lemma nn_integral_exp_neg_grid_form_row:
  fixes a b \<beta> \<gamma> :: real and h :: "'k \<Rightarrow> 'c"
  assumes R: "finite R" "i \<notin> R" and K: "finite K" "card K = n" "n > 0" "inj_on h K"
    and pos: "a - \<beta> > 0" "a - n * b - (\<beta> + n * \<gamma>) > 0"
  shows "(\<integral>\<^sup>+z. ennreal (exp (- grid_form a b \<beta> \<gamma> (insert i R) K
              (\<lambda>p. if fst p = i then z (h (snd p)) else y p))) \<partial>PiM (h ` K) (\<lambda>_. lborel))
       = ennreal (sqrt (pi / (a - \<beta>)) ^ n * sqrt ((a - \<beta>) / (a - n * b - (\<beta> + n * \<gamma>)))
           * exp (- grid_form a b (a * \<beta> / (a - \<beta>))
                      (((a - n * b) * (\<beta> + n * \<gamma>) / (a - n * b - (\<beta> + n * \<gamma>)) - a * \<beta> / (a - \<beta>)) / n) R K y))"
proof -
  define w where "w = (\<lambda>k. \<beta> * (\<Sum>j\<in>R. y (j, k)) + \<gamma> * (\<Sum>j\<in>R. \<Sum>k'\<in>K. y (j, k')))"
  define Z where "Z = a - n * b - (\<beta> + n * \<gamma>)"
  have Z: "(a - \<beta>) - (b + \<gamma>) * (\<Sum>k\<in>K. 1\<^sup>2) = Z"
    using K by (simp add: Z_def algebra_simps)
  have split: "grid_form a b \<beta> \<gamma> (insert i R) K (\<lambda>p. if fst p = i then z (h (snd p)) else y p)
      = rank_one_form (a - \<beta>) (b + \<gamma>) (\<lambda>_. 1) w K (\<lambda>k. z (h k)) + grid_form a b \<beta> \<gamma> R K y" for z
  proof -
    have "j \<in> R \<Longrightarrow> (j = i) = False" for j using R(2) by auto
    moreover have "grid_form a b \<beta> \<gamma> R K (\<lambda>p. if fst p = i then z (h (snd p)) else y p) = grid_form a b \<beta> \<gamma> R K y"
      using R(2) by (intro grid_form_cong) auto
    ultimately show ?thesis
      using R by (simp add: grid_form_insert w_def cong: sum.cong)
  qed
  have "(\<integral>\<^sup>+z. ennreal (exp (- grid_form a b \<beta> \<gamma> (insert i R) K
              (\<lambda>p. if fst p = i then z (h (snd p)) else y p))) \<partial>PiM (h ` K) (\<lambda>_. lborel))
      = (\<integral>\<^sup>+z. ennreal (exp (- rank_one_form (a - \<beta>) (b + \<gamma>) (\<lambda>_. 1) w K (\<lambda>k. z (h k)))) \<partial>PiM (h ` K) (\<lambda>_. lborel))
        * ennreal (exp (- grid_form a b \<beta> \<gamma> R K y))"
    unfolding split minus_add_distrib exp_add by (simp add: ennreal_mult' nn_integral_multc)
  also have "\<dots> = ennreal (sqrt (pi / (a - \<beta>)) ^ n * sqrt ((a - \<beta>) / Z)
      * exp ((\<Sum>k\<in>K. (w k)\<^sup>2) / (a - \<beta>) + (b + \<gamma>) * (\<Sum>k\<in>K. w k)\<^sup>2 / ((a - \<beta>) * Z)
             - grid_form a b \<beta> \<gamma> R K y))"
    using nn_integral_exp_neg_rank_one_form[OF K(1,4) pos(1), of "b + \<gamma>" "\<lambda>_. 1" w] pos K(2)
    unfolding Z by (simp add: Z_def exp_diff exp_minus ennreal_mult'[symmetric] divide_inverse mult.assoc)
  also have "\<dots> = ennreal (sqrt (pi / (a - \<beta>)) ^ n * sqrt ((a - \<beta>) / Z)
      * exp (- grid_form a b (a * \<beta> / (a - \<beta>)) (((a - n * b) * (\<beta> + n * \<gamma>) / Z - a * \<beta> / (a - \<beta>)) / n) R K y))"
    unfolding w_def Z_def using K(1-3) pos by (subst grid_form_complete_square) auto
  finally show ?thesis unfolding Z_def .
qed

lemma sqrt_grid_det_Suc:
  fixes a b \<beta> \<mu> :: real
  assumes "n > 0" "a \<noteq> 0" "a - n * b \<noteq> 0" "a - \<beta> > 0" "a - n * b - \<mu> > 0"
  shows "sqrt (pi / (a - \<beta>)) ^ n * sqrt ((a - \<beta>) / (a - n * b - \<mu>))
         * sqrt (pi ^ (n * r) / grid_det a b n r (a * \<beta> / (a - \<beta>)) ((a - n * b) * \<mu> / (a - n * b - \<mu>)))
       = sqrt (pi ^ (n * Suc r) / grid_det a b n (Suc r) \<beta> \<mu>)"
  using assms
  by (simp add: sqrt_divide_power_mult_sqrt real_sqrt_mult[symmetric] grid_det_Suc[symmetric] power_add mult_ac)

lemma nn_integral_grid_form_fold_row:
  fixes e :: "'r \<times> 'k \<Rightarrow> 'c"
  assumes "finite R" "i \<notin> R" "finite K" "inj_on e (insert i R \<times> K)"
  shows "(\<integral>\<^sup>+x. ennreal (exp (- grid_form a b \<beta> \<gamma> (insert i R) K (\<lambda>p. x (e p)))) \<partial>PiM (e ` (insert i R \<times> K)) (\<lambda>_. lborel))
       = (\<integral>\<^sup>+x. (\<integral>\<^sup>+z. ennreal (exp (- grid_form a b \<beta> \<gamma> (insert i R) K
              (\<lambda>p. if fst p = i then z (e (i, snd p)) else x (e p)))) \<partial>PiM ((\<lambda>k. e (i, k)) ` K) (\<lambda>_. lborel))
           \<partial>PiM (e ` (R \<times> K)) (\<lambda>_. lborel))"
proof -
  interpret product_sigma_finite "\<lambda>_. lborel :: real measure" by standard
  define I where "I = e ` (R \<times> K)"
  define J where "J = (\<lambda>k. e (i, k)) ` K"
  have IJ: "I \<inter> J = {}" "e ` (insert i R \<times> K) = I \<union> J"
    using assms(2) inj_onD[OF assms(4)] by (fastforce simp: I_def J_def)+
  have merge: "grid_form a b \<beta> \<gamma> (insert i R) K (\<lambda>p. merge I J (x, z) (e p))
      = grid_form a b \<beta> \<gamma> (insert i R) K (\<lambda>p. if fst p = i then z (e (i, snd p)) else x (e p))" for x z
    using IJ(1) assms(2) by (intro grid_form_cong) (auto simp: merge_def I_def J_def)
  have meas: "(\<lambda>x. ennreal (exp (- grid_form a b \<beta> \<gamma> (insert i R) K (\<lambda>p. x (e p)))))
      \<in> borel_measurable (PiM (I \<union> J) (\<lambda>_. lborel))"
    unfolding IJ(2)[symmetric] by measurable
  have fin: "finite I" "finite J"
    using assms(1,3) by (simp_all add: I_def J_def)
  have "(\<integral>\<^sup>+x. ennreal (exp (- grid_form a b \<beta> \<gamma> (insert i R) K (\<lambda>p. x (e p)))) \<partial>PiM (I \<union> J) (\<lambda>_. lborel))
      = (\<integral>\<^sup>+x. (\<integral>\<^sup>+z. ennreal (exp (- grid_form a b \<beta> \<gamma> (insert i R) K
              (\<lambda>p. if fst p = i then z (e (i, snd p)) else x (e p)))) \<partial>PiM J (\<lambda>_. lborel)) \<partial>PiM I (\<lambda>_. lborel))"
    unfolding product_nn_integral_fold[OF IJ(1) fin meas] merge ..
  then show ?thesis
    unfolding IJ(2) I_def J_def .
qed

lemma nn_integral_exp_neg_grid_form:
  fixes R :: "'r set" and K :: "'k set" and e :: "'r \<times> 'k \<Rightarrow> 'c" and a b \<beta> \<gamma> :: real
  assumes "finite R" "finite K" "K \<noteq> {}" "inj_on e (R \<times> K)" "a > 0" "a - card K * b > 0"
    "a - card R * \<beta> > 0" "a - card K * b - card R * (\<beta> + card K * \<gamma>) > 0"
  shows "(\<integral>\<^sup>+x. ennreal (exp (- grid_form a b \<beta> \<gamma> R K (\<lambda>p. x (e p)))) \<partial>PiM (e ` (R \<times> K)) (\<lambda>_. lborel))
       = ennreal (sqrt (pi ^ (card K * card R) / grid_det a b (card K) (card R) \<beta> (\<beta> + card K * \<gamma>)))"
  using assms
proof (induction R arbitrary: \<beta> \<gamma> rule: finite_induct)
  case empty
  then show ?case by (simp add: space_PiM_empty grid_form_def grid_det_def)
next
  case (insert i R)
  define n where "n = card K"
  define r where "r = card R"
  define t where "t = a - n * b"
  define \<mu> where "\<mu> = \<beta> + n * \<gamma>"
  define \<beta>' where "\<beta>' = a * \<beta> / (a - \<beta>)"
  define \<gamma>' where "\<gamma>' = (t * \<mu> / (t - \<mu>) - a * \<beta> / (a - \<beta>)) / n"
  have n: "n > 0" using insert.prems(2) insert.prems(1) by (simp add: n_def card_gt_0_iff)
  have a: "a > 0" "t > 0" "a - Suc r * \<beta> > 0" "t - Suc r * \<mu> > 0"
    using insert.prems insert.hyps by (simp_all add: n_def r_def t_def \<mu>_def)
  have row: "a - \<beta> > 0" "t - \<mu> > 0"
    using diff_mult_pos_of_le[of 1 "Suc r"] a by auto
  have \<mu>': "\<beta>' + n * \<gamma>' = t * \<mu> / (t - \<mu>)" using n by (simp add: \<beta>'_def \<gamma>'_def)
  have IH: "(\<integral>\<^sup>+x. ennreal (exp (- grid_form a b \<beta>' \<gamma>' R K (\<lambda>p. x (e p)))) \<partial>PiM (e ` (R \<times> K)) (\<lambda>_. lborel))
      = ennreal (sqrt (pi ^ (n * r) / grid_det a b n r \<beta>' (t * \<mu> / (t - \<mu>))))"
  proof -
    have "a - r * \<beta>' = a * (a - Suc r * \<beta>) / (a - \<beta>)" "t - r * (t * \<mu> / (t - \<mu>)) = t * (t - Suc r * \<mu>) / (t - \<mu>)"
      using row by (simp_all add: \<beta>'_def field_simps)
    then have "a - r * \<beta>' > 0" "t - r * (\<beta>' + n * \<gamma>') > 0"
      using a row unfolding \<mu>' by simp_all
    then show ?thesis
      unfolding \<mu>'[symmetric] unfolding n_def r_def
      by (intro insert.IH)
        (use insert.prems inj_on_subset[OF insert.prems(3), of "R \<times> K"] in \<open>auto simp: n_def r_def t_def\<close>)
  qed
  have "inj_on (\<lambda>k. e (i, k)) K" using insert.prems(3) by (auto simp: inj_on_def)
  then have "(\<integral>\<^sup>+x. ennreal (exp (- grid_form a b \<beta> \<gamma> (insert i R) K (\<lambda>p. x (e p)))) \<partial>PiM (e ` (insert i R \<times> K)) (\<lambda>_. lborel))
      = ennreal (sqrt (pi / (a - \<beta>)) ^ n * sqrt ((a - \<beta>) / (t - \<mu>)))
        * (\<integral>\<^sup>+x. ennreal (exp (- grid_form a b \<beta>' \<gamma>' R K (\<lambda>p. x (e p)))) \<partial>PiM (e ` (R \<times> K)) (\<lambda>_. lborel))"
    unfolding nn_integral_grid_form_fold_row[OF insert.hyps insert.prems(1,3)]
    using nn_integral_exp_neg_grid_form_row[OF insert.hyps insert.prems(1) n_def[symmetric] n, of "\<lambda>k. e (i, k)" a \<beta> b \<gamma>] row
    by (simp add: t_def \<mu>_def \<beta>'_def \<gamma>'_def ennreal_mult' nn_integral_cmult)
  also have "\<dots> = ennreal (sqrt (pi / (a - \<beta>)) ^ n * sqrt ((a - \<beta>) / (t - \<mu>))
      * sqrt (pi ^ (n * r) / grid_det a b n r \<beta>' (t * \<mu> / (t - \<mu>))))"
    unfolding IH using row by (simp add: ennreal_mult')
  also have "\<dots> = ennreal (sqrt (pi ^ (n * Suc r) / grid_det a b n (Suc r) \<beta> \<mu>))"
    using sqrt_grid_det_Suc[of n a b \<beta> \<mu> r] n a row by (simp add: t_def \<beta>'_def)
  finally show ?case
    using insert.hyps by (simp add: n_def r_def \<mu>_def)
qed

##########

In the data above, count the lines where the word "else" appears; reply with the number only.

Solution for this exercise>
7